In general, hair loss is due to heredity, aging, disease, taking medicine, radiation therapy, and the like, but from a biochemical or physiological point of view, the causes of hair loss are excessive male hormone secretion, excessive sebum secretion, scalp blood circulation disorder, nutrient deficiency, nutritional imbalance, stress and the like. However, the exact cause and mechanism of hair loss have not been identified yet, and there is also a shortage of clear methods or drugs to treat alopecia.

DISCLOSURE
Technical Problem

One example of the present application provides a composition for promoting hair growth, comprising one or more kinds selected from the group consisting of sulforaphane, indole-3-carbionol, beta-sitosterol (β-sitosterol), and salts thereof as an active ingredient.

Another example provides a composition for promoting hair growth, comprising a broccoli (Brassica oleracea var. italica) extract, an avocado (Persea americana) extract or a mixture thereof as an active ingredient.

The composition for promoting hair growth may be a pharmaceutical composition, a cosmetic composition and/or a food composition (for example, health functional food).

Other example provides a pharmaceutical composition for preventing, alleviating or treating hair loss, comprising one or more kinds selected from the group consisting of sulforaphane, indole-3-carbionol, beta-sitosterol (β-sitosterol), and salts thereof as an active ingredient.

Other example provides a pharmaceutical composition for preventing, alleviating or treating hair loss, comprising a broccoli extract, an avocado extract or a mixture thereof as an active ingredient.

Other example provides a cosmetic composition for preventing, alleviating or treating hair loss, comprising one or more kinds selected from the group consisting of sulforaphane, indole-3-carbionol, beta-sitosterol, and salts thereof as an active ingredient.

Other example provides a cosmetic composition for preventing, alleviating or treating hair loss, comprising a broccoli extract, an avocado extract or a mixture thereof as an active ingredient.

Other example provides a food composition for preventing, alleviating or treating hair loss, comprising one or more kinds selected from the group consisting of sulforaphane, indole-3-carbionol, beta-sitosterol, and salts thereof as an active ingredient.
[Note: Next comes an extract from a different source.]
(* Let $S\subseteq[n]$. A matrix $\Delta\in\mathbb{R}^{n\times n}$ with $\Delta e_j=0$ for all $j\notin S$ is a Nash equilibrium for $(M,\Gamma,\Sigma,S)$ if and only if its columns $\delta_k=\Delta e_k$, $k\in S$, solve the system of $n|S|$ linear equations $$T^{(k,k)}\delta_k+\sum_{j\in S,\ j\neq k}T^{(k,j)}\delta_j=y_k\qquad\text{for all }k\in S.$$
   Context: Fix agents $[n]=\{1,\dots,n\}$. Let $\Sigma\in\mathbb{R}^{n\times n}$ be symmetric positive definite, $\Gamma=\mathrm{diag}(\gamma_1,\dots,\gamma_n)$ with all $\gamma_i>0$, and let $M\in\mathbb{R}^{n\times n}$ be the matrix of true beliefs with $i$-th column $\mu_i=Me_i$. For a matrix of reported negotiating positions $M'\in\mathbb{R}^{n\times n}$, the stable point for $M'$ is the unique pair $(W,P)$ of real $n\times n$ matrices with $W=W^T$, $P^T=-P$ and $M'-P=2\Sigma W\Gamma$; equivalently $\mathrm{vec}(W)=\tfrac12(\Gamma\otimes\Sigma+\Sigma\otimes\Gamma)^{-1}\mathrm{vec}(M'+M'^T)$ and $P=M'-2\Sigma W\Gamma$. Here $\mathrm{vec}$ stacks columns and $e_i$ is the $i$-th standard basis vector. Agent $i$'s (true) utility at $(W,P)$ is $g_i(W,P)=w_i^T(\mu_i-Pe_i)-\gamma_i\, w_i^T\Sigma w_i$, where $w_i=We_i$. $S\subseteq[n]$ is the set of strategic agents; honest agents $i\notin S$ report $\mu_i'=\mu_i$. A Nash equilibrium for $(M,\Gamma,\Sigma,S)$ is a matrix $\Delta$ with $\Delta e_j=0$ for $j\notin S$ such that for each $k\in S$, when every $j\in S\setminus\{k\}$ reports $(M+\Delta)e_j$, agent $k$'s utility at the stable point is maximized (over all reports $\mu_k'\in\mathbb{R}^n$) by reporting $(M+\Delta)e_k$. Matrices: $\Pi\in\mathbb{R}^{n^2\times n^2}$ is the commutation matrix, $\Pi\,\mathrm{vec}(X)=\mathrm{vec}(X^T)$; $\Pi_k\in\mathbb{R}^{n\times n^2}$ satisfies $\Pi_k\mathrm{vec}(X)=Xe_k$. For $Z\in\mathbb{R}^{n^2\times n^2}$, $Z^{(p,q)}$ is its $n\times n$ block in block-row $p$ and block-column $q$. Set $K=\Gamma\otimes\Sigma+\Sigma\otimes\Gamma$, $L=\tfrac12(K^{-1}+K^{-1}\Pi)$, $T^{(k,k)}=L^{(k,k)}+(L^{(k,k)})^T-2\gamma_k(L^{(k,k)})^T\Sigma L^{(k,k)}$, $T^{(k,j)}=(I-2\gamma_k(L^{(k,k)})^T\Sigma)L^{(k,j)}$ for $j\neq k$, and $y_k=\tfrac12\big(2\gamma_k(L^{(k,k)})^T\Sigma-I\big)\Pi_kK^{-1}\mathrm{vec}(M+M^T)$. *)

theory Defs
  imports "HOL-Analysis.Analysis"
begin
The food composition may be a health functional food.

Other example provides a food composition for preventing, alleviating or treating hair loss, comprising a broccoli extract, an avocado extract or a mixture thereof as an active ingredient. The food composition may be a health functional food.

Other example provides a method for promoting hair growth and/or preventing, alleviating and/or treating hair loss comprising administering an effective dose of one or more kinds selected from the group consisting of sulforaphane, indole-3-carbionol, beta-sitosterol, and salts thereof to a subject in need of promoting hair growth and/or preventing, alleviating and/or treating hair loss.
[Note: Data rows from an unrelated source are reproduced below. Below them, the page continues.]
text \<open>\<open>z\<close> is the Bloch vector of \<open>G\<^sub>+\<^sub>- + G\<^sub>-\<^sub>+\<close>.\<close>
lemma joint_meas_parallelogram_bounds:
  assumes J: "joint_meas \<eta> ni nj G"
  defines "t \<equiv> 2 * bloch_scalar (G True True)"
    and "z \<equiv> (\<eta>/2) *\<^sub>R (ni + nj) - 2 *\<^sub>R bloch_vector (G True True)"
  shows "norm (z + (\<eta>/2) *\<^sub>R (ni + nj)) \<le> t" "norm (z - (\<eta>/2) *\<^sub>R (ni + nj)) \<le> t"
    "norm (z + (\<eta>/2) *\<^sub>R (ni - nj)) \<le> 1 - t" "norm (z - (\<eta>/2) *\<^sub>R (ni - nj)) \<le> 1 - t"
proof -
  note B = joint_meas_bloch[OF J] and P = joint_meas_psd(2)[OF J]
  have "z + (\<eta>/2) *\<^sub>R (ni + nj) = (-2) *\<^sub>R bloch_vector (G False False)"
    "z - (\<eta>/2) *\<^sub>R (ni + nj) = (-2) *\<^sub>R bloch_vector (G True True)"
    "z + (\<eta>/2) *\<^sub>R (ni - nj) = 2 *\<^sub>R bloch_vector (G True False)"
    "z - (\<eta>/2) *\<^sub>R (ni - nj) = 2 *\<^sub>R bloch_vector (G False True)"
    unfolding z_def B by (simp_all add: vec3_eq_iff algebra_simps)
  then show "norm (z + (\<eta>/2) *\<^sub>R (ni + nj)) \<le> t" "norm (z - (\<eta>/2) *\<^sub>R (ni + nj)) \<le> t"
    "norm (z + (\<eta>/2) *\<^sub>R (ni - nj)) \<le> 1 - t" "norm (z - (\<eta>/2) *\<^sub>R (ni - nj)) \<le> 1 - t"
    using P[of False False] P[of True True] P[of True False] P[of False True]
    unfolding t_def B by simp_all
qed

lemma density_bloch:
  assumes "density \<rho>"
  shows "hermitian \<rho>" "bloch_scalar \<rho> = 1/2" "norm (bloch_vector \<rho>) \<le> 1/2"
proof -
  have "bloch_scalar \<rho> = Re (trace \<rho>) / 2" by (simp add: bloch_scalar_def trace_def sum_2)
  then show "bloch_scalar \<rho> = 1/2" using assms by (simp add: density_def)
  then show "hermitian \<rho>" "norm (bloch_vector \<rho>) \<le> 1/2"
    using assms psd_iff_bloch by (simp_all add: density_def)
qed

lemma joint_meas_trace_le:
  assumes J: "joint_meas \<eta> ni nj G" and "density \<rho>"
  shows "Re (trace (\<rho> ** (G True False + G False True)))
    \<le> 1 - 2 * bloch_scalar (G True True)
      + norm ((\<eta>/2) *\<^sub>R (ni + nj) - 2 *\<^sub>R bloch_vector (G True True))"
proof -
  define z where "z = (\<eta>/2) *\<^sub>R (ni + nj) - 2 *\<^sub>R bloch_vector (G True True)"
  note \<rho> = density_bloch[OF assms(2)]
  have "bloch_vector (G True False + G False True) = z"
    unfolding z_def bloch_vector_add joint_meas_bloch[OF J] by (simp add: vec3_eq_iff algebra_simps)
  then have "Re (trace (\<rho> ** (G True False + G False True)))
      = 1 - 2 * bloch_scalar (G True True) + 2 * (bloch_vector \<rho> \<bullet> z)"
    using \<rho> joint_meas_psd(1)[OF J]
    by (simp add: trace_mult_bloch hermitian_add bloch_scalar_add joint_meas_bloch[OF J])
  also have "2 * (bloch_vector \<rho> \<bullet> z) \<le> norm z"
    using norm_cauchy_schwarz[of "bloch_vector \<rho>" z] mult_right_mono[OF \<rho>(3) norm_ge_zero[of z]]
    by linarith
  finally show ?thesis unfolding z_def by simp
qed

lemma abs_scaled_inner_le_1:
  fixes ni nj :: "'a::real_inner"
  assumes "norm ni = 1" "norm nj = 1" "\<bar>\<eta>\<bar> \<le> 1"
  shows "\<bar>\<eta>^2 * (ni \<bullet> nj)\<bar> \<le> 1"
proof -
  have "\<bar>ni \<bullet> nj\<bar> \<le> 1" using Cauchy_Schwarz_ineq2[of ni nj] assms by simp
  moreover have "\<eta>^2 \<le> 1" using power_mono[OF \<open>\<bar>\<eta>\<bar> \<le> 1\<close> abs_ge_zero, of 2] by simp
  ultimately show ?thesis by (simp add: abs_mult mult_le_one)
qed

text \<open>The optimal value of \<open>Tr(\<rho>(G\<^sub>+\<^sub>- + G\<^sub>-\<^sub>+))\<close> for one pair with \<open>n\<^sub>i\<cdot>n\<^sub>j = c\<close>.\<close>
definition pair_value :: "real \<Rightarrow> real \<Rightarrow> real" where
  "pair_value \<eta> c = (1 - \<eta>^2 * c + sqrt (1 + \<eta>^4 * c^2 - 2 * \<eta>^2)) / 2"

lemma joint_meas_trace_le_pair_value:
  assumes J: "joint_meas \<eta> ni nj G" and "density \<rho>"
    and unit: "norm ni = 1" "norm nj = 1" and "\<bar>\<eta>\<bar> \<le> 1"
    and radicand: "0 \<le> 1 + \<eta>^4 * (ni \<bullet> nj)^2 - 2 * \<eta>^2"
  shows "Re (trace (\<rho> ** (G True False + G False True))) \<le> pair_value \<eta> (ni \<bullet> nj)"
proof -
  define c where "c = ni \<bullet> nj"
  define g where "g = 1 + \<eta>^4 * c^2 - 2 * \<eta>^2"
  define a where "a = (1 + \<eta>^2 * c) / 2"
  define h where "h = sqrt g / 2"
  have "\<bar>\<eta>^2 * c\<bar> \<le> 1" unfolding c_def using abs_scaled_inner_le_1 unit \<open>\<bar>\<eta>\<bar> \<le> 1\<close> .
  then have a: "0 \<le> a" "a \<le> 1" by (auto simp: a_def abs_le_iff)
  have h2: "h^2 = g / 4" using radicand by (simp add: h_def g_def c_def power_divide)
  have uv: "(norm ((\<eta>/2) *\<^sub>R (ni + nj)))^2 = \<eta>^2 * (1 + c) / 2"
    "(norm ((\<eta>/2) *\<^sub>R (ni - nj)))^2 = \<eta>^2 * (1 - c) / 2"
    unfolding norm_scaleR power_mult_distrib power2_norm_add power2_norm_diff unit c_def
    by (simp_all add: power_divide field_simps)
  have "a^2 = h^2 + (norm ((\<eta>/2) *\<^sub>R (ni + nj)))^2"
    "(1 - a)^2 = h^2 + (norm ((\<eta>/2) *\<^sub>R (ni - nj)))^2"
    unfolding h2 uv a_def g_def by (simp_all add: power2_eq_square power4_eq_xxxx field_simps)
  moreover have "0 \<le> h" using radicand by (simp add: h_def g_def c_def)
  ultimately have "a - h \<le> 2 * bloch_scalar (G True True)
      - norm ((\<eta>/2) *\<^sub>R (ni + nj) - 2 *\<^sub>R bloch_vector (G True True))"
    using sub_norm_ge_of_parallelograms[OF joint_meas_parallelogram_bounds[OF J]] a by blast
  then show ?thesis
    using joint_meas_trace_le[OF assms(1,2)]
    by (simp add: pair_value_def a_def h_def g_def c_def field_simps)
qed

section \<open>The optimal joint measurements\<close>

lemma joint_meas_GparI:
  assumes "norm (\<eta> *\<^sub>R (ni + nj) - a) \<le> \<alpha>" "norm (- (\<eta> *\<^sub>R (ni + nj)) - a) \<le> \<alpha>"
    and "norm (\<eta> *\<^sub>R (ni - nj) + a) \<le> 2 - \<alpha>" "norm (\<eta> *\<^sub>R (nj - ni) + a) \<le> 2 - \<alpha>"
  shows "joint_meas \<eta> ni nj (Gpar \<eta> ni nj \<alpha> a)"
proof -
  let ?G = "Gpar \<eta> ni nj \<alpha> a"
  have "psd (?G x y)" for x y
    using assms by (cases x; cases y) (simp_all add: psd_iff_bloch bloch_Gpar)
  moreover have "?G True True + ?G True False + ?G False True + ?G False False = Id2"
    by (rule hermitian_eqI) (simp_all add: bloch_simps bloch_Gpar vec3_eq_iff algebra_simps)
  moreover have "?G x True + ?G x False = E \<eta> ni x" for x
    by (rule hermitian_eqI) (cases x; simp add: bloch_simps bloch_Gpar bloch_E vec3_eq_iff algebra_simps)+
  moreover have "?G True y + ?G False y = E \<eta> nj y" for y
    by (rule hermitian_eqI) (cases y; simp add: bloch_simps bloch_Gpar bloch_E vec3_eq_iff algebra_simps)+
  ultimately show ?thesis by (simp add: joint_meas_def povm4_def)
qed

lemma power2_norm_add_vector_y:
  fixes w :: "real^3"
  assumes "w$2 = 0"
  shows "(norm (w + vector [0, t, 0]))^2 = (norm w)^2 + t^2"
    "(norm (w - vector [0, t, 0]))^2 = (norm w)^2 + t^2"
  using assms by (simp_all add: power2_norm_add power2_norm_diff inner_vec3 norm_vector_y)

lemma joint_meas_G_opt:
  assumes unit: "norm ni = 1" "norm nj = 1" and zx: "ni$2 = 0" "nj$2 = 0"
    and "\<bar>\<eta>\<bar> \<le> 1" and radicand: "0 \<le> 1 + \<eta>^4 * (ni \<bullet> nj)^2 - 2 * \<eta>^2"
  shows "joint_meas \<eta> ni nj (G_opt \<eta> ni nj)"
proof -
  define c where "c = ni \<bullet> nj"
  define a :: "real^3" where "a = vector [0, sqrt (1 + \<eta>^4 * c^2 - 2 * \<eta>^2), 0]"
  have ab: "\<bar>\<eta>^2 * c\<bar> \<le> 1" unfolding c_def using abs_scaled_inner_le_1 unit \<open>\<bar>\<eta>\<bar> \<le> 1\<close> .
  have bound: "norm (w + a) \<le> \<beta>" "norm (w - a) \<le> \<beta>"
    if "w$2 = 0" "(norm w)^2 = \<beta>^2 - (1 + \<eta>^4 * c^2 - 2 * \<eta>^2)" "0 \<le> \<beta>" for w \<beta>
    using that radicand power2_norm_add_vector_y[OF that(1)] unfolding a_def c_def
    by (simp_all add: norm_le_square power2_norm_eq_inner[symmetric])
  have "(norm (\<eta> *\<^sub>R (ni + nj)))^2 = (1 + \<eta>^2 * c)^2 - (1 + \<eta>^4 * c^2 - 2 * \<eta>^2)"
    "(norm (\<eta> *\<^sub>R (ni - nj)))^2 = (1 - \<eta>^2 * c)^2 - (1 + \<eta>^4 * c^2 - 2 * \<eta>^2)"
    "(norm (\<eta> *\<^sub>R (nj - ni)))^2 = (1 - \<eta>^2 * c)^2 - (1 + \<eta>^4 * c^2 - 2 * \<eta>^2)"
    unfolding norm_scaleR power_mult_distrib power2_norm_add power2_norm_diff unit c_def
    by (simp_all add: inner_commute power2_eq_square power4_eq_xxxx algebra_simps)
  moreover have "0 \<le> 1 + \<eta>^2 * c" "0 \<le> 1 - \<eta>^2 * c" using ab by (simp_all add: abs_le_iff)
  moreover have "norm (- (\<eta> *\<^sub>R (ni + nj)) - a) = norm (\<eta> *\<^sub>R (ni + nj) + a)"
    by (metis diff_conv_add_uminus minus_add_distrib norm_minus_cancel)
  ultimately have "norm (\<eta> *\<^sub>R (ni + nj) - a) \<le> 1 + \<eta>^2 * c"
    "norm (- (\<eta> *\<^sub>R (ni + nj)) - a) \<le> 1 + \<eta>^2 * c"
    "norm (\<eta> *\<^sub>R (ni - nj) + a) \<le> 2 - (1 + \<eta>^2 * c)"
    "norm (\<eta> *\<^sub>R (nj - ni) + a) \<le> 2 - (1 + \<eta>^2 * c)"
    using bound[of "\<eta> *\<^sub>R (ni + nj)"] bound[of "\<eta> *\<^sub>R (ni - nj)"] bound[of "\<eta> *\<^sub>R (nj - ni)"] zx
    by simp_all
  then show ?thesis
    unfolding G_opt_def alpha_opt_def a_opt_def c_def[symmetric] a_def[symmetric]
    by (rule joint_meas_GparI)
qed

lemma trace_proj_psi_opt_G_opt:
  "Re (trace (proj psi_opt ** (G_opt \<eta> ni nj True False + G_opt \<eta> ni nj False True)))
     = pair_value \<eta> (ni \<bullet> nj)"
proof -
  have \<psi>: "hermitian (proj psi_opt)" "bloch_scalar (proj psi_opt) = 1/2"
    "bloch_vector (proj psi_opt) = vector [0, 1/2, 0]"
    unfolding proj_psi_opt_bloch_form by (simp_all add: bloch_simps)
  show ?thesis
    unfolding G_opt_def
    by (simp add: \<psi> trace_mult_bloch bloch_simps bloch_Gpar inner_vec3 alpha_opt_def a_opt_def
        pair_value_def field_simps)
qed

section \<open>Trine axes\<close>

lemma sqrt_3_minus_1_le: "sqrt 3 - 1 \<le> (3/4 :: real)"
proof -
  have "sqrt 3 \<le> sqrt (49/16 :: real)" by (rule real_sqrt_le_mono) simp
  also have "sqrt (49/16 :: real) = 7/4" by (rule real_sqrt_unique) (simp_all add: power2_eq_square)
  finally show ?thesis by simp
qed

lemma trine_eta_range:
  fixes \<eta> :: real
  assumes "2/3 < \<eta>" "\<eta> \<le> sqrt 3 - 1"
  shows "\<bar>\<eta>\<bar> \<le> 1" "0 \<le> 1 + \<eta>^4 * (-1/2)^2 - 2 * \<eta>^2"
proof -
  show "\<bar>\<eta>\<bar> \<le> 1" using assms sqrt_3_minus_1_le by simp
  have "\<eta>^2 \<le> (sqrt 3 - 1)^2" using assms by (simp add: power_mono)
  also have "\<dots> = 4 - 2 * sqrt 3" by (simp add: power2_eq_square algebra_simps)
  finally have "sqrt 3 \<le> 2 - \<eta>^2/2" by simp
  then have "(sqrt 3)^2 \<le> (2 - \<eta>^2/2)^2" by (rule power_mono) simp
  then show "0 \<le> 1 + \<eta>^4 * (-1/2)^2 - 2 * \<eta>^2"
    by (simp add: power2_eq_square power4_eq_xxxx algebra_simps)
qed

lemma S_le_pair_value:
  assumes unit: "norm n1 = 1" "norm n2 = 1" "norm n3 = 1"
    and trine: "n1 \<bullet> n2 = -1/2" "n2 \<bullet> n3 = -1/2" "n1 \<bullet> n3 = -1/2"
    and \<eta>: "\<bar>\<eta>\<bar> \<le> 1" "0 \<le> 1 + \<eta>^4 * (-1/2)^2 - 2 * \<eta>^2"
    and \<rho>: "density \<rho>"
    and J: "joint_meas \<eta> n1 n2 G12" "joint_meas \<eta> n2 n3 G23" "joint_meas \<eta> n1 n3 G13"
  shows "S \<eta> \<rho> G12 G23 G13 \<le> pair_value \<eta> (-1/2) - (1 - \<eta>/3)"
  using joint_meas_trace_le_pair_value[OF J(1) \<rho> unit(1,2) \<eta>(1) \<eta>(2)[folded trine(1)]]
    joint_meas_trace_le_pair_value[OF J(2) \<rho> unit(2,3) \<eta>(1) \<eta>(2)[folded trine(2)]]
    joint_meas_trace_le_pair_value[OF J(3) \<rho> unit(1,3) \<eta>(1) \<eta>(2)[folded trine(3)]]
  unfolding S_def trine by (simp add: field_simps)

lemma S_G_opt:
  assumes "n1 \<bullet> n2 = -1/2" "n2 \<bullet> n3 = -1/2" "n1 \<bullet> n3 = -1/2"
  shows "S \<eta> (proj psi_opt) (G_opt \<eta> n1 n2) (G_opt \<eta> n2 n3) (G_opt \<eta> n1 n3)
    = pair_value \<eta> (-1/2) - (1 - \<eta>/3)"
  by (simp add: S_def trace_proj_psi_opt_G_opt assms)

text \<open>\<open>R\<^sup>2 - g/4\<close> factors as \<open>(\<eta> - 2/3)\<close> times a polynomial that is nonnegative for \<open>\<eta> \<ge> 2/3\<close>,
  where \<open>g\<close> is the radicand in \<open>pair_value \<eta> (-1/2)\<close> and \<open>R\<close> its distance to the bound.\<close>
lemma trine_violation_le:
  fixes \<eta> :: real
  assumes "2/3 \<le> \<eta>" "\<eta> \<le> 3/4"
  shows "pair_value \<eta> (-1/2) - (1 - \<eta>/3) \<le> (1/6) * (sqrt 13 / 3 - 1)"
proof -
  define s where "s = sqrt 13"
  define g where "g = 1 + \<eta>^4 * (-1/2)^2 - 2 * \<eta>^2"
  define R where "R = 1/3 + s/18 - \<eta>^2/4 - \<eta>/3"
  have s: "s^2 = 13" "s \<le> 4" unfolding s_def
    by (simp_all add: real_sqrt_le_iff[of 13 16, simplified])
  have "3 \<le> s" unfolding s_def by (rule real_le_rsqrt) simp
  have "\<eta>^2 \<le> (3/4)^2" using assms by (intro power_mono) simp_all
  then have "0 \<le> R" unfolding R_def using assms \<open>3 \<le> s\<close> by (simp add: power2_eq_square)
  have "0 \<le> \<eta>^2/6 + (20 - s)/36 * \<eta> + (4/27 - s/18)"
  proof -
    have "(20 - s)/36 * (2/3) \<le> (20 - s)/36 * \<eta>" using assms s by (intro mult_left_mono) simp_all
    moreover have "0 \<le> (20 - s)/36 * (2/3) + (4/27 - s/18)" using s by (simp add: field_simps)
    moreover have "0 \<le> \<eta>^2/6" by simp
    ultimately show ?thesis by linarith
  qed
  then have "0 \<le> (\<eta> - 2/3) * (\<eta>^2/6 + (20 - s)/36 * \<eta> + (4/27 - s/18))"
    using assms by simp
  also have "\<dots> = R^2 - g/4"
    using s unfolding R_def g_def by (simp add: power2_eq_square power4_eq_xxxx field_simps)
  finally have "sqrt g \<le> sqrt ((2 * R)^2)" by (intro real_sqrt_le_mono) (simp add: power_mult_distrib)
  also have "\<dots> = 2 * R" using \<open>0 \<le> R\<close> by (simp only: real_sqrt_abs)
  finally show ?thesis
    unfolding pair_value_def g_def[symmetric] s_def[symmetric] using R_def by (simp add: field_simps)
qed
Other example provides a method for promoting hair growth and/or preventing, alleviating and/or treating hair loss comprising administering an effective dose of a broccoli extract, an avocado extract or a mixture thereof to a subject in need of promoting hair growth and/or preventing, alleviating and/or treating hair loss.

Other example provides a use for using in promoting hair growth and/or preventing, alleviating or treating hair loss, or preparation of a composition for promoting hair growth and/or preventing, alleviating or treating hair loss, of one or more kinds selected from the group consisting of sulforaphane, indole-3-carbionol, beta-sitosterol, and salts thereof.
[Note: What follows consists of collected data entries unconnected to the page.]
definition esym :: "nat \<Rightarrow> nat \<Rightarrow> nat mpoly" where
  "esym n p = (\<Sum>S\<in>{S. S \<subseteq> {..<n} \<and> card S = p}. \<Prod>i\<in>S. Var i)"

text \<open>Elements of the free C[x]-module with basis xi_1..xi_n, as coefficient vectors
  (index i < n stands for xi_{i+1}).  Matrix entries t_ij of T.\<close>
definition tT :: "nat \<Rightarrow> nat \<Rightarrow> nat mpoly" where
  "tT i j = (if i < j then Var j else if j < i then - Var j else 0)"

definition Tmap :: "nat \<Rightarrow> (nat \<Rightarrow> nat mpoly) \<Rightarrow> (nat \<Rightarrow> nat mpoly)" where
  "Tmap n v = (\<lambda>i. \<Sum>j<n. tT i j * v j)"

definition phi :: "nat \<Rightarrow> nat \<Rightarrow> (nat \<Rightarrow> nat mpoly)" where
  "phi n k = (Tmap n ^^ k) (\<lambda>i. 1)"

text \<open>Anticommutator a b + b a of two odd elements a = sum a_i xi_i, b = sum b_i xi_i in
  U(h_n): by the relations xi_i xi_j + xi_j xi_i = 0 (i ~= j), xi_i^2 = x_i it equals
  sum_i 2 a_i b_i x_i.\<close>
definition anticomm :: "nat \<Rightarrow> (nat \<Rightarrow> nat mpoly) \<Rightarrow> (nat \<Rightarrow> nat mpoly) \<Rightarrow> nat mpoly" where
  "anticomm n a b = (\<Sum>i<n. 2 * a i * b i * Var i)"

text \<open>z_{m} = 1/2 (phi_0 phi_m + phi_m phi_0); the paper's z_{2k} is zz n (2*k).\<close>
definition zz :: "nat \<Rightarrow> nat \<Rightarrow> nat mpoly" where
  "zz n m = Const (1/2) * anticomm n (phi n 0) (phi n m)"

end

theory Submission
  imports Defs "HOL-Computational_Algebra.Formal_Power_Series"
begin

(* By the fundamental theorem of symmetric polynomials, proved by the classical
   leading-monomial argument, substituting sigma_1, ..., sigma_n for n new variables is
   injective with image the symmetric polynomials.  The series
   Phi_i(t) = sum_k phi_k(i) t^k solve Phi = 1 + t T Phi uniquely; passing from n to n+1
   variables multiplies the old solution by a common factor, and induction on n yields
   E(t) * t Z(t) = O(t), where Z(t) = sum_k z_k t^k and E, O collect the sigma_j with j
   even resp. odd.  Comparing coefficients,
   sigma_(2k+1) = z_(2k) + sum_(i=1..k) sigma_(2i) z_(2k-2i),
   a unitriangular change of variables between sigma_1, ..., sigma_n and the z_(2k),
   sigma_(2k), which transfers both injectivity and the image. *)

abbreviation lookup where "lookup \<equiv> Poly_Mapping.lookup"
abbreviation keys where "keys \<equiv> Poly_Mapping.keys"
abbreviation single where "single \<equiv> Poly_Mapping.single"

section \<open>Substitution into polynomials\<close>

definition eval_monom :: "('v \<Rightarrow> 'w mpoly) \<Rightarrow> ('v \<Rightarrow>\<^sub>0 nat) \<Rightarrow> 'w mpoly" where
  "eval_monom f m = (\<Prod>i\<in>keys m. f i ^ lookup m i)"

lemma eval_monom_eq_prod_superset:
  assumes "finite K" "keys m \<subseteq> K"
  shows "eval_monom f m = (\<Prod>i\<in>K. f i ^ lookup m i)"
  unfolding eval_monom_def
  by (rule prod.mono_neutral_left) (use assms in \<open>auto simp: in_keys_iff\<close>)

lemma eval_monom_zero [simp]: "eval_monom f 0 = 1"
  by (simp add: eval_monom_def)

lemma eval_monom_add: "eval_monom f (a + b) = eval_monom f a * eval_monom f b"
proof -
  let ?K = "keys a \<union> keys b"
  have "eval_monom f (a + b) = (\<Prod>i\<in>?K. f i ^ lookup (a + b) i)"
    by (rule eval_monom_eq_prod_superset) (auto dest: subsetD[OF keys_add])
  also have "\<dots> = (\<Prod>i\<in>?K. f i ^ lookup a i * f i ^ lookup b i)"
    by (simp add: lookup_add power_add)
  also have "\<dots> = eval_monom f a * eval_monom f b"
    by (simp add: prod.distrib eval_monom_eq_prod_superset[of ?K])
  finally show ?thesis .
qed

lemma Const_zero [simp]: "Const 0 = 0"
  by (simp add: Const_def)

lemma Const_one [simp]: "Const 1 = 1"
  by (simp add: Const_def)

lemma Const_add: "Const (a + b) = Const a + Const b"
  by (simp add: Const_def single_add)

lemma Const_mult: "Const (a * b) = Const a * Const b"
  by (simp add: Const_def mult_single)

lemma numeral_eq_Const: "(numeral k :: 'v mpoly) = Const (numeral k)"
  by (simp add: Const_def)

lemma lookup_Const_mult: "lookup (Const c * q) m = c * lookup q m"
proof -
  have "Const c * q = Poly_Mapping.map ((*) c) q"
    by (simp add: Const_def mult_map_scale_conv_mult)
  then show ?thesis by (simp add: map.rep_eq when_def)
qed

lemma poly_mapping_eq_sum_single: "p = (\<Sum>m\<in>keys p. single m (lookup p m))"
  by (rule poly_mapping_eqI)
     (simp add: lookup_sum lookup_single when_def in_keys_iff sum.delta' split: if_splits)

lemma subst_eq_sum: "subst f p = (\<Sum>m\<in>keys p. Const (lookup p m) * eval_monom f m)"
  by (simp add: subst_def eval_monom_def)

lemma subst_eq_sum_superset:
  assumes "finite K" "keys p \<subseteq> K"
  shows "subst f p = (\<Sum>m\<in>K. Const (lookup p m) * eval_monom f m)"
  unfolding subst_eq_sum
  by (rule sum.mono_neutral_left) (use assms in \<open>auto simp: in_keys_iff\<close>)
Other example provides a use for using in promoting hair growth and/or preventing, alleviating and/or treating hair loss, or preparation of a composition for promoting hair growth and/or preventing, alleviating and/or treating hair loss, of a broccoli extract, an avocado extract or a mixture thereof.

Technical Solution

Herein, an herbal extract and a useful compound having an effect of promoting hair growth and/or inhibiting hair loss are confirmed, thereby providing a use in promoting hair growth and/or inhibiting hair loss thereof.

More specifically, one example provides a composition for promoting hair growth, comprising one or more kinds selected from the group consisting of sulforaphane, indole-3-carbionol, beta-sitosterol (β-sitosterol), and salts thereof as an active ingredient.

The composition for promoting hair growth may be a pharmaceutical composition, a cosmetic composition and/or a food composition (for example, health functional food).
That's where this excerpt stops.